lemma W_at_psubset:
  assumes "A \<subseteq> P" "q \<in> P" "q \<noteq> p" "\<bar>q - p\<bar> \<le> 1" "\<forall>x\<in>A. 2 * \<bar>x - p\<bar> < \<bar>q - p\<bar>"
  shows "W_at A p \<subset> W_at P p"
proof -
  obtain k where k: "(1/2)^(k+1) \<le> \<bar>q - p\<bar>" "\<bar>q - p\<bar> \<le> (1/2::real)^k"
    using dyadic_scale_exists[of "\<bar>q - p\<bar>"] assms(3,4) by auto
  have "k \<in> W_at P p" using k assms(2) by (auto simp: mem_W_at_iff)
  moreover have "k \<notin> W_at A p"
  proof
    assume "k \<in> W_at A p"
    then obtain x where "x \<in> A" "(1/2)^(k+1) \<le> \<bar>x - p\<bar>"
      by (auto simp: mem_W_at_iff)
    thus False using assms(5) k(2) by fastforce
  qed
  ultimately show ?thesis using W_at_mono[OF assms(1)] by blast
qed

lemma interval_split_index:
  fixes a D x :: real
  assumes "0 < D" "a \<le> x" "x \<le> a + D" "0 < n"
  shows "\<exists>i<n. a + real i * D / n \<le> x \<and> x \<le> a + (real i + 1) * D / n"
proof -
  define t where "t = (x - a) * n / D"
  have "(x - a) * n \<le> D * n" using assms by (intro mult_right_mono) auto
  hence t: "0 \<le> t" "t \<le> n" using assms unfolding t_def by (auto simp: field_simps)
  define i where "i = min (n - 1) (nat \<lfloor>t\<rfloor>)"
  have "real i \<le> t" "t \<le> real i + 1" "i < n"
    using t assms(4) unfolding i_def by (auto simp: min_def of_nat_diff) linarith+
  moreover have "x = a + t * D / n" using assms unfolding t_def by (simp add: field_simps)
  ultimately show ?thesis using assms
    by (intro exI[of _ i]) (auto simp: divide_right_mono mult_right_mono)
qed

lemma card_W_at_less_if_small_piece:
  assumes "finite P" "A \<subseteq> P" "p \<in> A" "a \<in> P" "b \<in> P" "\<forall>x\<in>P. a \<le> x \<and> x \<le> b"
    and "a < b" "b - a \<le> 1" "\<forall>x\<in>A. 5 * \<bar>x - p\<bar> \<le> b - a"
  shows "card (W_at A p) < card (W_at P p)"
proof -
  have p: "a \<le> p" "p \<le> b" using assms(2,3,6) by auto
  obtain q where q: "q \<in> P" "b - a \<le> 2 * \<bar>q - p\<bar>" "\<bar>q - p\<bar> \<le> 1"
  proof (cases "b - a \<le> 2 * (p - a)")
    case True thus ?thesis using that[of a] assms(4,8) p by auto
  next
    case False thus ?thesis using that[of b] assms(5,8) p by auto
  qed
  have "W_at A p \<subset> W_at P p"
  proof (rule W_at_psubset[OF assms(2) q(1) _ q(3)])
    show "q \<noteq> p" using q(2) assms(7) by auto
    show "\<forall>x\<in>A. 2 * \<bar>x - p\<bar> < \<bar>q - p\<bar>" using assms(7,9) q(2) by fastforce
  qed
  thus ?thesis using finite_W_at[OF assms(1)] by (rule psubset_card_mono[rotated])
qed
(* Let $G=\langle\alpha\rangle\oplus\langle\beta\rangle$ be the (internal) direct sum of cyclic groups, where $\alpha$ has order $m$ and $\beta$ has order $n$ (both finite). Then the interchange laws belonging to $\Sigma(G;\alpha,\beta)$ form a basis for $\Sigma(G;\alpha,\beta)$ iff $m$ and $n$ are not both multiples of $6$.
   Context: For a multiplicative abelian group $G$ generated by $\alpha$ and $\beta$, $\Sigma(G;\alpha,\beta)$ is the set of groupoid identities satisfied in the integral group ring $\mathbb{Z}[G]$ when the binary operation is $xy=\alpha x+\beta y$. A groupoid term is linear if no variable occurs in it more than once; if $p$ is a linear term and $q$ is obtained from $p$ by swapping two of its variables, then $p=q$ is an interchange law. A basis is a set of identities whose equational consequences are exactly $\Sigma(G;\alpha,\beta)$. *)

theory Defs
  imports "HOL-Algebra.Algebra"
begin

datatype gterm = Var nat | Op gterm gterm

fun vars :: "gterm \<Rightarrow> nat set" where
  "vars (Var x) = {x}"
| "vars (Op s t) = vars s \<union> vars t"

fun linear_term :: "gterm \<Rightarrow> bool" where
  "linear_term (Var x) = True"
| "linear_term (Op s t) = (linear_term s \<and> linear_term t \<and> vars s \<inter> vars t = {})"

fun subst :: "(nat \<Rightarrow> gterm) \<Rightarrow> gterm \<Rightarrow> gterm" where
  "subst \<sigma> (Var x) = \<sigma> x"
| "subst \<sigma> (Op s t) = Op (subst \<sigma> s) (subst \<sigma> t)"

definition swap_var :: "nat \<Rightarrow> nat \<Rightarrow> nat \<Rightarrow> nat" where
  "swap_var x y z = (if z = x then y else if z = y then x else z)"
text \<open>Upper covariance: max over mu2 in M_Y of min over mu1 in M_X of
  upper_exp Q ((X - mu1)(Y - mu2)).  The max/min are written as SUP/INF
  over the compact intervals (they are attained by continuity).\<close>
definition upper_cov :: "'a measure set \<Rightarrow> ('a \<Rightarrow> real) \<Rightarrow> ('a \<Rightarrow> real) \<Rightarrow> real" where
  "upper_cov Q X Y =
     (SUP \<mu>2\<in>{lower_mean Q Y..upper_mean Q Y}.
        INF \<mu>1\<in>{lower_mean Q X..upper_mean Q X}.
          upper_exp Q (\<lambda>\<omega>. (X \<omega> - \<mu>1) * (Y \<omega> - \<mu>2)))"

end

theory Submission
  imports Defs
begin

text \<open>Write \<open>a k\<close>, \<open>b k\<close>, \<open>d k\<close> for the mean of \<open>X\<close>, the mean of \<open>Y\<close> and the covariance
  under \<open>P\<^sub>k\<close>; then \<open>E\<^sub>k[(X - x)(Y - y)] = d k + (a k - x)(b k - y)\<close>, and the covariance of
  \<open>X\<close> and \<open>Y\<close> under the mixture \<open>l P\<^sub>i + (1 - l) P\<^sub>j\<close> is
  \<open>l d i + (1 - l) d j + l (1 - l)(a i - a j)(b i - b j)\<close>.
  The upper covariance of a finite family equals the largest covariance under such a two-point
  mixture. It is at least that value: if \<open>y\<close> is the mixture mean of \<open>Y\<close>, the
  \<open>l\<close>-weighted average of \<open>E\<^sub>i[(X - x)(Y - y)]\<close> and \<open>E\<^sub>j[(X - x)(Y - y)]\<close> does not depend
  on \<open>x\<close> and equals the mixture covariance. It is at most that value: for fixed \<open>y\<close>,
  each measure bounds \<open>x\<close> by a half-line, and the mixture bound makes every
  lower half-line meet every upper one, so all of them meet.
  Since only pairs of measures enter, the upper covariance of the whole family is the
  largest upper covariance of a pair.\<close>

definition cross_moment ::
    "('i \<Rightarrow> real) \<Rightarrow> ('i \<Rightarrow> real) \<Rightarrow> ('i \<Rightarrow> real) \<Rightarrow> 'i \<Rightarrow> real \<Rightarrow> real \<Rightarrow> real" where
  "cross_moment a b d k x y = d k + (a k - x) * (b k - y)"

definition upper_cross_moment ::
    "('i \<Rightarrow> real) \<Rightarrow> ('i \<Rightarrow> real) \<Rightarrow> ('i \<Rightarrow> real) \<Rightarrow> 'i set \<Rightarrow> real \<Rightarrow> real \<Rightarrow> real" where
  "upper_cross_moment a b d S x y = Max ((\<lambda>k. cross_moment a b d k x y) ` S)"

definition mixture_cov ::
    "('i \<Rightarrow> real) \<Rightarrow> ('i \<Rightarrow> real) \<Rightarrow> ('i \<Rightarrow> real) \<Rightarrow> real \<Rightarrow> 'i \<Rightarrow> 'i \<Rightarrow> real" where
  "mixture_cov a b d l i j = l * d i + (1 - l) * d j + l * (1 - l) * (a i - a j) * (b i - b j)"

definition moment_upper_cov ::
    "('i \<Rightarrow> real) \<Rightarrow> ('i \<Rightarrow> real) \<Rightarrow> ('i \<Rightarrow> real) \<Rightarrow> 'i set \<Rightarrow> real" where
  "moment_upper_cov a b d S =
     (SUP y\<in>{Min (b ` S)..Max (b ` S)}. INF x\<in>{Min (a ` S)..Max (a ` S)}.
        upper_cross_moment a b d S x y)"

lemma mixture_cov_same: "mixture_cov a b d l k k = d k"
  by (simp add: mixture_cov_def algebra_simps)

lemma mixture_cov_one: "mixture_cov a b d 1 i j = d i"
  by (simp add: mixture_cov_def)

lemma mixture_cov_eq_average_cross_moment:
  assumes "y = l * b i + (1 - l) * b j"
  shows "l * cross_moment a b d i x y + (1 - l) * cross_moment a b d j x y = mixture_cov a b d l i j"
  unfolding cross_moment_def mixture_cov_def assms by (simp add: algebra_simps)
____
§ Requirement: Filter the records above for lines containing the word "subseteq", and copy those lines.

§ Written response:
  assumes "A \<subseteq> P" "q \<in> P" "q \<noteq> p" "\<bar>q - p\<bar> \<le> 1" "\<forall>x\<in>A. 2 * \<bar>x - p\<bar> < \<bar>q - p\<bar>"
  assumes "finite P" "A \<subseteq> P" "p \<in> A" "a \<in> P" "b \<in> P" "\<forall>x\<in>P. a \<le> x \<and> x \<le> b"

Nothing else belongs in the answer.